Mr. Moshé says that, despite the nasty weather, people can still sell their homes if they pull off a successful open house. He offers the following tips:
If it starts to snow that day, be sure to shovel out the walkway and/or driveway so that the prospective homebuyers are able to get inside the house. Be sure to apply rock salt or ice melt on those pathways; it will keep the snow and ice from freezing and prevent slip-and-fall accidents.
Shovel the sidewalk and the part of the street in front of the house so that the visiting buyers do not have to walk down the block in the snow.
Stage the inside of the house as if it were any other season in the year. This means getting rid of any clutter, cleaning the windows, mopping the floors, vacuuming the rugs and dusting the furniture.
Make the inside a little cozier by lighting a fire in the fireplace and rearranging the furniture to give the rooms a more spacious look. Younger homebuyers are attracted to homes with open spaces because they want a place of their own where they can entertain their friends.
Draw back the curtains to let the light in. The sunlight will shine onto the snow and into the house, making the inside much brighter.
If it is too cold inside the house, turn up the thermostat, but be sure to keep it at a reasonable temperature. If it gets too hot inside, the prospective buyers will feel uncomfortable and that will leave an impression on them, possibly hindering chance of a sale.

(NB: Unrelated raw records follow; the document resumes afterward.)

(* Let $G_1=(V_1,E_1)$ and $G_2=(V_2,E_2)$ be finite simple directed graphs with real costs $c(i\to k)$, $c(ij\to kl)$, $c(i\to\epsilon)$, $c(ij\to\epsilon)$, $c(\epsilon\to k)$, $c(\epsilon\to kl)$ for $i\in V_1$, $k\in V_2$, $ij\in E_1$, $kl\in E_2$. Define program (F1): minimize $$\sum_{i\in V_1}\sum_{k\in V_2}c(i\to k)x_{i,k}+\sum_{ij\in E_1}\sum_{kl\in E_2}c(ij\to kl)y_{ij,kl}+\sum_{i\in V_1}c(i\to\epsilon)u_i+\sum_{k\in V_2}c(\epsilon\to k)v_k+\sum_{ij\in E_1}c(ij\to\epsilon)e_{ij}+\sum_{kl\in E_2}c(\epsilon\to kl)f_{kl}$$ over binary $\mathbf{x},\mathbf{y},\mathbf{u},\mathbf{v},\mathbf{e},\mathbf{f}$ subject to: $u_i+\sum_{k\in V_2}x_{i,k}=1$ ($\forall i\in V_1$); $v_k+\sum_{i\in V_1}x_{i,k}=1$ ($\forall k\in V_2$); $e_{ij}+\sum_{kl\in E_2}y_{ij,kl}=1$ ($\forall ij\in E_1$); $f_{kl}+\sum_{ij\in E_1}y_{ij,kl}=1$ ($\forall kl\in E_2$); $y_{ij,kl}\le x_{i,k}$ and $y_{ij,kl}\le x_{j,l}$ ($\forall (ij,kl)\in E_1\times E_2$). Define program (F2): minimize $$\sum_{i\in V_1}\sum_{k\in V_2}\bigl(c(i\to k)-c(i\to\epsilon)-c(\epsilon\to k)\bigr)x_{i,k}+\sum_{ij\in E_1}\sum_{kl\in E_2}\bigl(c(ij\to kl)-c(ij\to\epsilon)-c(\epsilon\to kl)\bigr)y_{ij,kl}+C,$$ with $C=\sum_{i\in V_1}c(i\to\epsilon)+\sum_{k\in V_2}c(\epsilon\to k)+\sum_{ij\in E_1}c(ij\to\epsilon)+\sum_{kl\in E_2}c(\epsilon\to kl)$, over binary $\mathbf{x},\mathbf{y}$ subject to: $\sum_{k\in V_2}x_{i,k}\le1$ ($\forall i\in V_1$); $\sum_{i\in V_1}x_{i,k}\le 1$ ($\forall k\in V_2$); $\sum_{l\in V_2:\,kl\in E_2}y_{ij,kl}\le x_{i,k}$ ($\forall k\in V_2,\ \forall ij\in E_1$); $\sum_{k\in V_2:\,kl\in E_2}y_{ij,kl}\le x_{j,l}$ ($\forall l\in V_2,\ \forall ij\in E_1$). Then the map $(\mathbf{x},\mathbf{y},\mathbf{u},\mathbf{v},\mathbf{e},\mathbf{f})\mapsto(\mathbf{x},\mathbf{y})$ is a bijection from the feasible set of (F1) onto the feasible set of (F2), it preserves the objective value, and consequently (F1) and (F2) have the same optimal value.
   Context: All variables $x_{i,k},y_{ij,kl},u_i,v_k,e_{ij},f_{kl}$ take values in $\{0,1\}$. Edges of a simple directed graph are ordered pairs of distinct vertices, written $ij$ for $(i,j)$. The optimal value of (F1) is the graph edit distance between $G_1$ and $G_2$ under the given costs. *)

theory Defs
  imports Complex_Main
begin

definition simple_digraph :: "'v set \<Rightarrow> ('v \<times> 'v) set \<Rightarrow> bool" where
  "simple_digraph V E \<longleftrightarrow> finite V \<and> E \<subseteq> V \<times> V \<and> (\<forall>(i,j)\<in>E. i \<noteq> j)"

(* Variable vectors are functions; outside their index set they are fixed to 0
   (so that a vector is determined by its entries on the index set). *)
definition binvec :: "'i set \<Rightarrow> ('i \<Rightarrow> real) \<Rightarrow> bool" where
  "binvec I z \<longleftrightarrow> (\<forall>t\<in>I. z t \<in> {0,1}) \<and> (\<forall>t. t \<notin> I \<longrightarrow> z t = 0)"

definition binvec2 :: "'i set \<Rightarrow> 'j set \<Rightarrow> ('i \<Rightarrow> 'j \<Rightarrow> real) \<Rightarrow> bool" where
  "binvec2 I J z \<longleftrightarrow> (\<forall>s\<in>I. \<forall>t\<in>J. z s t \<in> {0,1})
      \<and> (\<forall>s t. \<not> (s \<in> I \<and> t \<in> J) \<longrightarrow> z s t = 0)"

type_synonym ('a,'b) F1sol =
  "('a \<Rightarrow> 'b \<Rightarrow> real) \<times> ('a \<times> 'a \<Rightarrow> 'b \<times> 'b \<Rightarrow> real) \<times> ('a \<Rightarrow> real) \<times> ('b \<Rightarrow> real)
   \<times> ('a \<times> 'a \<Rightarrow> real) \<times> ('b \<times> 'b \<Rightarrow> real)"

type_synonym ('a,'b) F2sol =
  "('a \<Rightarrow> 'b \<Rightarrow> real) \<times> ('a \<times> 'a \<Rightarrow> 'b \<times> 'b \<Rightarrow> real)"

definition F1_feasible ::
  "'a set \<Rightarrow> ('a \<times> 'a) set \<Rightarrow> 'b set \<Rightarrow> ('b \<times> 'b) set \<Rightarrow> ('a,'b) F1sol set" where
  "F1_feasible V1 E1 V2 E2 = {(x,y,u,v,e,f).
      binvec2 V1 V2 x \<and> binvec2 E1 E2 y \<and> binvec V1 u \<and> binvec V2 v \<and> binvec E1 e \<and> binvec E2 f
    \<and> (\<forall>i\<in>V1. u i + (\<Sum>k\<in>V2. x i k) = 1)
    \<and> (\<forall>k\<in>V2. v k + (\<Sum>i\<in>V1. x i k) = 1)
    \<and> (\<forall>ij\<in>E1. e ij + (\<Sum>kl\<in>E2. y ij kl) = 1)
    \<and> (\<forall>kl\<in>E2. f kl + (\<Sum>ij\<in>E1. y ij kl) = 1)
    \<and> (\<forall>(i,j)\<in>E1. \<forall>(k,l)\<in>E2. y (i,j) (k,l) \<le> x i k \<and> y (i,j) (k,l) \<le> x j l)}"

definition F2_feasible ::
  "'a set \<Rightarrow> ('a \<times> 'a) set \<Rightarrow> 'b set \<Rightarrow> ('b \<times> 'b) set \<Rightarrow> ('a,'b) F2sol set" where
  "F2_feasible V1 E1 V2 E2 = {(x,y).
      binvec2 V1 V2 x \<and> binvec2 E1 E2 y
    \<and> (\<forall>i\<in>V1. (\<Sum>k\<in>V2. x i k) \<le> 1)
    \<and> (\<forall>k\<in>V2. (\<Sum>i\<in>V1. x i k) \<le> 1)
    \<and> (\<forall>k\<in>V2. \<forall>(i,j)\<in>E1. (\<Sum>l\<in>{l\<in>V2. (k,l)\<in>E2}. y (i,j) (k,l)) \<le> x i k)
    \<and> (\<forall>l\<in>V2. \<forall>(i,j)\<in>E1. (\<Sum>k\<in>{k\<in>V2. (k,l)\<in>E2}. y (i,j) (k,l)) \<le> x j l)}"

(* Costs: cs = substitution of vertices, ce = substitution of edges,
   dv/de = deletion of a vertex/edge of G1, iv/ie = insertion of a vertex/edge of G2. *)
definition F1_obj ::
  "'a set \<Rightarrow> ('a \<times> 'a) set \<Rightarrow> 'b set \<Rightarrow> ('b \<times> 'b) set
   \<Rightarrow> ('a \<Rightarrow> 'b \<Rightarrow> real) \<Rightarrow> ('a \<times> 'a \<Rightarrow> 'b \<times> 'b \<Rightarrow> real)
   \<Rightarrow> ('a \<Rightarrow> real) \<Rightarrow> ('b \<Rightarrow> real) \<Rightarrow> ('a \<times> 'a \<Rightarrow> real) \<Rightarrow> ('b \<times> 'b \<Rightarrow> real)
   \<Rightarrow> ('a,'b) F1sol \<Rightarrow> real" where
  "F1_obj V1 E1 V2 E2 cs ce dv iv de ie = (\<lambda>(x,y,u,v,e,f).
      (\<Sum>i\<in>V1. \<Sum>k\<in>V2. cs i k * x i k) + (\<Sum>ij\<in>E1. \<Sum>kl\<in>E2. ce ij kl * y ij kl)
    + (\<Sum>i\<in>V1. dv i * u i) + (\<Sum>k\<in>V2. iv k * v k)
    + (\<Sum>ij\<in>E1. de ij * e ij) + (\<Sum>kl\<in>E2. ie kl * f kl))"

definition F2_obj ::
  "'a set \<Rightarrow> ('a \<times> 'a) set \<Rightarrow> 'b set \<Rightarrow> ('b \<times> 'b) set
   \<Rightarrow> ('a \<Rightarrow> 'b \<Rightarrow> real) \<Rightarrow> ('a \<times> 'a \<Rightarrow> 'b \<times> 'b \<Rightarrow> real)
   \<Rightarrow> ('a \<Rightarrow> real) \<Rightarrow> ('b \<Rightarrow> real) \<Rightarrow> ('a \<times> 'a \<Rightarrow> real) \<Rightarrow> ('b \<times> 'b \<Rightarrow> real)
   \<Rightarrow> ('a,'b) F2sol \<Rightarrow> real" where
  "F2_obj V1 E1 V2 E2 cs ce dv iv de ie = (\<lambda>(x,y).
      (\<Sum>i\<in>V1. \<Sum>k\<in>V2. (cs i k - dv i - iv k) * x i k)
    + (\<Sum>ij\<in>E1. \<Sum>kl\<in>E2. (ce ij kl - de ij - ie kl) * y ij kl)
    + ((\<Sum>i\<in>V1. dv i) + (\<Sum>k\<in>V2. iv k) + (\<Sum>ij\<in>E1. de ij) + (\<Sum>kl\<in>E2. ie kl)))"

definition proj12 :: "('a,'b) F1sol \<Rightarrow> ('a,'b) F2sol" where
  "proj12 = (\<lambda>(x,y,u,v,e,f). (x,y))"

end

theory Submission
  imports Defs
begin

text \<open>The slack variables \<open>u, v, e, f\<close> of (F1) are forced by its equality constraints to be
  one minus the corresponding row or column sums, so dropping them loses no information, and
  substituting them into the objective of (F1) gives the objective of (F2). The inequalities of (F2)
  say exactly that these slacks are again binary: an edge \<open>ij\<close> can be matched along \<open>kl\<close> only if
  \<open>i \<mapsto> k\<close> and \<open>j \<mapsto> l\<close>, so the edges of \<open>G\<^sub>1\<close> matched to \<open>kl\<close> are bounded by
  \<open>(\<Sum>\<^sub>i x\<^sub>i\<^sub>k)(\<Sum>\<^sub>j x\<^sub>j\<^sub>l) \<le> 1\<close>, and those matched from \<open>ij\<close> by \<open>\<Sum>\<^sub>k x\<^sub>i\<^sub>k \<le> 1\<close>.\<close>

lemma sum_binary_le_one_in_01:
  fixes z :: "'i \<Rightarrow> real"
  assumes "finite I" "\<forall>t\<in>I. z t \<in> {0,1}" "sum z I \<le> 1"
  shows "sum z I \<in> {0,1}"
proof (cases "\<exists>a\<in>I. z a = 1")
  case True
  then obtain a where "a \<in> I" "z a = 1" by blast
  with assms(1,2) have "1 \<le> sum z I" using member_le_sum[of a I z] by fastforce
  with assms(3) show ?thesis by simp
next
  case False
  with assms(2) show ?thesis by simp
qed

lemma sum_le_binary_bound:
  fixes z :: "'i \<Rightarrow> real"
  assumes "c \<in> {0,1}" "\<forall>t\<in>I. z t \<le> c" "sum z I \<le> 1"
  shows "sum z I \<le> c"
  using assms sum_nonpos[of I z] by auto

lemma sum_reindex_le:
  fixes g :: "'j \<Rightarrow> real"
  assumes "finite E" "inj_on h A" "h ` A \<subseteq> E" "\<forall>t\<in>E. g t \<ge> 0"
  shows "(\<Sum>a\<in>A. g (h a)) \<le> sum g E"
proof -
  have "(\<Sum>a\<in>A. g (h a)) = sum g (h ` A)" using assms(2) by (simp add: sum.reindex)
  also have "\<dots> \<le> sum g E" using assms by (intro sum_mono2) auto
  finally show ?thesis .
qed

lemma sum_edges_by_tail:
  assumes "finite V" "E \<subseteq> V \<times> V"
  shows "sum g E = (\<Sum>k\<in>V. \<Sum>l\<in>{l\<in>V. (k,l)\<in>E}. g (k,l))"
proof -
  have "E = Sigma V (\<lambda>k. {l\<in>V. (k,l)\<in>E})" using assms(2) by auto
  then show ?thesis using assms(1) by (simp add: sum.Sigma)
qed

lemma sum_edges_product_le:
  fixes a b :: "'v \<Rightarrow> real"
  assumes "finite V" "E \<subseteq> V \<times> V" "\<forall>i\<in>V. a i \<ge> 0" "\<forall>j\<in>V. b j \<ge> 0"
  shows "(\<Sum>(i,j)\<in>E. a i * b j) \<le> sum a V * sum b V"
proof -
  have "(\<Sum>(i,j)\<in>E. a i * b j) \<le> (\<Sum>(i,j)\<in>V \<times> V. a i * b j)"
    using assms by (intro sum_mono2) (auto intro: mult_nonneg_nonneg)
  also have "\<dots> = sum a V * sum b V" by (simp add: sum_product sum.cartesian_product)
  finally show ?thesis .
qed

lemma binvec2_nonneg: "binvec2 I J z \<Longrightarrow> z s t \<ge> 0"
  unfolding binvec2_def by (metis empty_iff insert_iff order_refl zero_le_one)

definition slack :: "'i set \<Rightarrow> ('i \<Rightarrow> real) \<Rightarrow> 'i \<Rightarrow> real" where
  "slack I s = (\<lambda>t. if t \<in> I then 1 - s t else 0)"

lemma binvec_slack: "\<forall>t\<in>I. s t \<in> {0,1} \<Longrightarrow> binvec I (slack I s)"
  by (auto simp: binvec_def slack_def)

lemma slack_unique: "binvec I w \<Longrightarrow> \<forall>t\<in>I. w t + s t = 1 \<Longrightarrow> slack I s = w"
  by (force simp: binvec_def slack_def)

definition add_slacks ::
  "'a set \<Rightarrow> ('a \<times> 'a) set \<Rightarrow> 'b set \<Rightarrow> ('b \<times> 'b) set \<Rightarrow> ('a,'b) F2sol \<Rightarrow> ('a,'b) F1sol" where
  "add_slacks V1 E1 V2 E2 = (\<lambda>(x,y). (x, y,
     slack V1 (\<lambda>i. \<Sum>k\<in>V2. x i k), slack V2 (\<lambda>k. \<Sum>i\<in>V1. x i k),
     slack E1 (\<lambda>ij. \<Sum>kl\<in>E2. y ij kl), slack E2 (\<lambda>kl. \<Sum>ij\<in>E1. y ij kl)))"

lemma proj12_add_slacks [simp]: "proj12 (add_slacks V1 E1 V2 E2 p) = p"
  by (cases p) (simp add: add_slacks_def proj12_def)

lemma add_slacks_proj12:
  assumes "(x,y,u,v,e,f) \<in> F1_feasible V1 E1 V2 E2"
  shows "add_slacks V1 E1 V2 E2 (proj12 (x,y,u,v,e,f)) = (x,y,u,v,e,f)"
  using assms by (simp add: F1_feasible_def add_slacks_def proj12_def slack_unique)
lemma exists_kernel_witness: "\<exists>q\<in>U'. \<exists>w\<in>carrier_vec n. f x0 w = 0 \<and> f q w \<noteq> 0"
proof (rule ccontr)
  assume no_witness: "\<not> ?thesis"
  have "f q v = f q v0 * (f x0 v div g)" if q: "q \<in> U'" and v: "v \<in> carrier_vec n" for q v
  proof -
    have "f q (v + (- (f x0 v div g)) \<cdot>\<^sub>v v0) = 0"
      using no_witness q v v0 kernel_shift[OF v] by auto
    then show ?thesis
      using value_decomposition[OF U'_carrier[OF q] v] by simp
  qed
  then have "is_product_form n U' f"
    unfolding is_product_form_def by (intro exI[of _ "\<lambda>q. f q v0"] exI[of _ "\<lambda>v. f x0 v div g"]) simp
  then show False
    using not_product by contradiction
qed

lemma dvd_values_at_v0:
  assumes p: "p \<in> U'"
  shows "g dvd f p v0"
proof -
  obtain q w where q: "q \<in> U'" and w: "w \<in> carrier_vec n" and "f x0 w = 0" and "f q w \<noteq> 0"
    using exists_kernel_witness by blast
  show ?thesis
  proof (cases "f p w = 0")
    case False
    then show ?thesis
      using dvd_if_kernel_nonzero[OF p w \<open>f x0 w = 0\<close>] by blast
  next
    case True
    have "f (p + q) w = f q w" and "f (p + q) v0 = f p v0 + f q v0"
      using bilinear_on_add_left[OF bilinear U'_carrier[OF p] U'_carrier[OF q]] w v0 True by simp_all
    then show ?thesis
      using dvd_if_kernel_nonzero[OF add_mem_U'[OF p q] w \<open>f x0 w = 0\<close>]
        dvd_if_kernel_nonzero[OF q w \<open>f x0 w = 0\<close> \<open>f q w \<noteq> 0\<close>]
        \<open>f q w \<noteq> 0\<close> by (simp add: dvd_add_left_iff)
  qed
qed
(* Let $m\ge n$, $c_1,\dots,c_m>0$, positive integers $n_i\le n$ with $\sum_i c_in_i=n$, and surjective linear maps $B_i:\mathbb{R}^n\to\mathbb{R}^{n_i}$ with $\bigcap_i\ker B_i=\{0\}$. With $I$, $J$ as defined in the context, set $$E_g=\inf\Big\{\frac{I((g_i)_{i=1}^m)}{\prod_{i=1}^m(\int_{\mathbb{R}^{n_i}} g_i)^{c_i}}\Big\},\qquad F_g=\sup\Big\{\frac{J((g_i)_{i=1}^m)}{\prod_{i=1}^m(\int_{\mathbb{R}^{n_i}} g_i)^{c_i}}\Big\},$$ the infimum and supremum taken over all $m$-tuples with each $g_i$ a centered Gaussian function on $\mathbb{R}^{n_i}$. Then $E_g\cdot F_g=1$, and $E_g=0$ if and only if $F_g=+\infty$.
   Context: For non-negative integrable $f_i$ on $\mathbb{R}^{n_i}$: $I((f_i)_{i=1}^m)=\int^*_{\mathbb{R}^n}\sup\{\prod_i f_i^{c_i}(y_i);\ \sum_i c_iB_i^*y_i=x,\ y_i\in\mathbb{R}^{n_i}\}\,dx$ (outer integral) and $J((f_i)_{i=1}^m)=\int_{\mathbb{R}^n}\prod_i f_i^{c_i}(B_ix)\,dx$. $B_i^*$ is the Euclidean adjoint. A centered Gaussian function on $\mathbb{R}^k$ is $x\mapsto\exp(-\langle Ax,x\rangle)$ with $A$ a symmetric positive definite $k\times k$ matrix. *)

theory Defs
  imports "HOL-Analysis.Analysis"
begin

text \<open>R^k is modelled as the extensional functions {..<k} -> real (PiE) with
  Lebesgue (product Borel) measure.\<close>
definition RR :: "nat \<Rightarrow> (nat \<Rightarrow> real) measure" where
  "RR k = PiM {..<k} (\<lambda>_. lborel)"

definition matvec :: "nat \<Rightarrow> nat \<Rightarrow> (nat \<Rightarrow> nat \<Rightarrow> real) \<Rightarrow> (nat \<Rightarrow> real) \<Rightarrow> (nat \<Rightarrow> real)" where
  "matvec p q M x = (\<lambda>j\<in>{..<p}. \<Sum>l<q. M j l * x l)"

definition transp :: "(nat \<Rightarrow> nat \<Rightarrow> real) \<Rightarrow> (nat \<Rightarrow> nat \<Rightarrow> real)" where
  "transp M = (\<lambda>l j. M j l)"

text \<open>Outer integral of a non-negative (possibly non-measurable) function.\<close>
definition outer_nn_integral :: "'a measure \<Rightarrow> ('a \<Rightarrow> ennreal) \<Rightarrow> ennreal" where
  "outer_nn_integral M f =
     (INF h \<in> {h \<in> borel_measurable M. \<forall>x\<in>space M. f x \<le> h x}. nn_integral M h)"

definition I_fun :: "nat \<Rightarrow> nat \<Rightarrow> (nat \<Rightarrow> nat) \<Rightarrow> (nat \<Rightarrow> real)
    \<Rightarrow> (nat \<Rightarrow> nat \<Rightarrow> nat \<Rightarrow> real) \<Rightarrow> (nat \<Rightarrow> (nat \<Rightarrow> real) \<Rightarrow> real) \<Rightarrow> ennreal" where
  "I_fun m n ni c B f = outer_nn_integral (RR n)
     (\<lambda>x. SUP y \<in> {y. (\<forall>i<m. y i \<in> space (RR (ni i))) \<and>
                     (\<forall>l<n. (\<Sum>i<m. c i * matvec n (ni i) (transp (B i)) (y i) l) = x l)}.
            ennreal (\<Prod>i<m. f i (y i) powr c i))"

“While some wait until springtime — when the weather is warmer — to buy a house, others are willing to take advantage of the slow winter months to find the home they’ve always wanted,” adds Mr. Moshé. “While it is not impossible to sell a home during the winter, it definitely has its challenges. The seller must bear in mind that the key to selling a home is usually proper pricing. However, in the winter, when most houses do not show well, it is essential to amp up presentation. With fewer homes on the market during the winter, your house can stand out from the competition, giving the right buyer motivation to move in before the first daffodils bloom.”